Children, even through adolescence, do not have the capacity to choose their path accurately or interpret or meaningfully change their environment. Adults, however, do get to choose their way back along the recovery path. As adults we are able to understand and recover from Developmental Trauma. Trauma, at its core, is a biopsychospiritual disconnection from Self. Recovery, real embodied recovery, is the return of the Self that never disappeared but hid itself in pain. Recovery is not about blame or victimhood. It is about truth. Humans are physiologically designed to avoid looking back; the human nervous system prioritizes survival over insight. Despite this, across multiple cultures and centuries, wise traditions have pointed to the same conclusion - a life worth living requires turning inward toward what was once too painful to see.
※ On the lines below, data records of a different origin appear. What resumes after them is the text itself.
lemma leqg_lang_subset_ctrl:
  "map Tm ` leqg_lang V T U D s R \<subseteq> cfg_lang_ctrl symbols (Tm ` T) productions Start Wfin Fctrl"
proof
  fix u
  assume "u \<in> map Tm ` leqg_lang V T U D s R"
  then obtain v w g where u: "u = map Tm v" and v: "set v \<subseteq> T" and "g \<in> D"
    and "(leqg_step R)\<^sup>*\<^sup>* ([], [fst s], snd s) (w, v, g)"
    unfolding leqg_lang_def by blast
  then obtain W Z q where trace: "trace W Z g" and queue: "W @ q = Some (fst s) # Z"
    and "somes q = v"
    using reachable_imp_trace by blast
  then have q: "set q \<subseteq> insert None (Some ` T)"
    using set_subset_somes[of q] v by blast
  let ?y = "tail_form W q Z Hash"
  have "?y \<in> sent_forms_ctrl productions Start Wfin Fctrl"
    using derives_final_form[OF trace \<open>g \<in> D\<close> q] final_form_in_Fctrl_iff[OF trace q]
      queue by (simp add: sent_forms_ctrl_def sent_forms_def)
  moreover have "proj (Tm ` T) ?y = u"
    using proj_Tm_final_form[OF q] u \<open>somes q = v\<close> by simp
  ultimately show "u \<in> cfg_lang_ctrl symbols (Tm ` T) productions Start Wfin Fctrl"
    using final_form_no_leftover unfolding cfg_lang_ctrl_def by blast
qed

lemma ctrl_subset_leqg_lang:
  "cfg_lang_ctrl symbols (Tm ` T) productions Start Wfin Fctrl \<subseteq> map Tm ` leqg_lang V T U D s R"
proof
  fix u
  assume "u \<in> cfg_lang_ctrl symbols (Tm ` T) productions Start Wfin Fctrl"
  then obtain y where u: "u = proj (Tm ` T) y" and "y \<in> sent_forms productions Start"
    and F: "proj Wfin y \<in> Fctrl" and "proj ((symbols - Tm ` T) - Wfin) y = []"
    unfolding cfg_lang_ctrl_def sent_forms_ctrl_def by blast
  then obtain W Z b q where trace: "trace W Z b" and "b \<in> D"
    and q: "set q \<subseteq> insert None (Some ` T)" and y: "y = tail_form W q Z Hash"
    using final_form_if_no_leftover sentential_shape_of_sent_forms by blast
  then have "W @ q = Some (fst s) # Z"
    using F final_form_in_Fctrl_iff by blast
  then have "(leqg_step R)\<^sup>*\<^sup>* ([], [fst s], snd s) (somes W, somes q, b)"
    using trace_imp_reachable[OF trace] by blast
  moreover have "set (somes W) \<subseteq> V" "set (somes q) \<subseteq> T"
    using trace_symbols[OF trace] q by (auto simp: set_somes)
  ultimately have "somes q \<in> leqg_lang V T U D s R"
    using \<open>b \<in> D\<close> unfolding leqg_lang_def by blast
  moreover have "u = map Tm (somes q)"
    using u y proj_Tm_final_form[OF q] by simp
  ultimately show "u \<in> map Tm ` leqg_lang V T U D s R"
    by blast
qed

lemma cfg_productions: "cfg symbols (Tm ` T) productions Start"
proof -
  have fin: "finite U" "finite T" "finite D" "finite R"
    using leqg finite_subset by (auto simp: leqg_def)
  have "snd s \<in> U"
    using leqg by (auto simp: leqg_def)
  then have rhs: "set \<alpha> \<subseteq> symbols" if "(A, \<alpha>) \<in> productions" for A \<alpha>
    using that unfolding productions_def
    by (auto simp: symbols_def dest!: rule_wf dest: set_codes[THEN subsetD])
  have lhs: "A \<in> symbols - Tm ` T" if "(A, \<alpha>) \<in> productions" for A \<alpha>
    using that lhs_productions by (force simp: symbols_def)
  have "\<forall>(A, \<alpha>) \<in> productions. A \<in> symbols - Tm ` T \<and> set \<alpha> \<subseteq> symbols"
    using lhs rhs by blast
  moreover have "finite productions"
    unfolding productions_def using fin by simp
  moreover have "finite symbols" "Tm ` T \<subseteq> symbols" "Start \<in> symbols - Tm ` T"
    using fin by (auto simp: symbols_def)
  ultimately show ?thesis
    unfolding cfg_def by blast
qed

end

theorem lemma4:
  fixes V T U D :: "'a set" and s :: "'a \<times> 'a"
    and R :: "('a \<times> 'a \<times> 'a list \<times> 'a) set"
  assumes "leqg V T U D s R"
  shows "\<exists>(Vb :: 'a gsym set) P S.
           cfg Vb (Tm ` T) P S \<and> {Zero, One, Hash} \<subseteq> Vb \<and>
           map Tm ` leqg_lang V T U D s R = cfg_lang_ctrl Vb (Tm ` T) P S Wfin Fctrl"
proof -
  have "finite V"
    using assms by (simp add: leqg_def)
  then obtain f :: "'a \<Rightarrow> nat" where "inj_on f V"
    using finite_imp_inj_to_nat_seg by blast
  then interpret coded_leqg V T U D s R f
    using assms by unfold_locales
  have "{Zero, One, Hash} \<subseteq> symbols"
    by (simp add: symbols_def)
  then show ?thesis
    using cfg_productions leqg_lang_subset_ctrl ctrl_subset_leqg_lang
    by (intro exI[of _ symbols] exI[of _ productions] exI[of _ Start] conjI equalityI)
qed

end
What Recovery Means to Me Now

 

For decades the word recovery has meant sobriety from substances. Then, the term sobriety came to include freedom from compulsive behaviors around money, sex, food, work and control. That foundation is important. Today, however, recovery needs to mean something broader and more existential than sobriety.

 

The addiction treatment field was among the first forced to confront the human suffering that lies beneath behavior: shame, attachment rupture, nervous system dysregulation and survival strategies formed early in life. Behavioral insights now extend far beyond substance abuse. Many of the struggles we label as mental health diagnoses, relationship and parenting problems or career issues can be understood through a shared lens of Developmental Trauma and the adaptations one develops to manage pain and disconnection.

 

Recovery, as I understand it now, is the restoration of regulation, relational capacity, agency, spirituality and embodied presence. Recovery is a reunion with the parts of ourselves we were forced to abandon in our formative years. Recovery is something we do not only for ourselves, but also for our loved ones, our children and in quiet honor of the generations before us who never had a real chance. Mom, dad, Chris…I know what was in your hearts and I sense you are all smiling.

 

Dr. Laurence Heller, the developer of NARM writes: “The spontaneous movement in all of us is toward connection and health. No matter how withdrawn and isolating we have become, or how serious the trauma we have experienced, on the deepest level…there is in each of us an impulse moving toward connection.”

 

What Begins the Journey Back

 

Each of us experiences moments when we realize our old ways of living no longer work. Pain and futility can then become a gift as we see things more clearly and begin to seek a different way of being. Sometimes the gift is a tangible external crisis. Sometimes it is heartbreak or loss. Sometimes it is a therapist saying something we did not expect. Sometimes it is the death of a loved one. Sometimes it is the realization that the life we built was constructed on an injured foundation.

 

My own moments of pain and futility were many. Each one broke me open a little more, humbled me a little further and returned me to myself in ways I could not have predicted.

 

A Brief Note on What Comes Next

 

This initial installment lays the groundwork for future written reflections on whole-person health and embodied recovery, practiced one day at a time. The next two installments will draw upon nearly forty years of lived experience, recovery and training and are meant to establish context rather than provide quick answers to healing, growth and integration. To paraphrase Plato we are works in progress. We are journeying along a path of “becoming” toward a state of “being” our True Selves.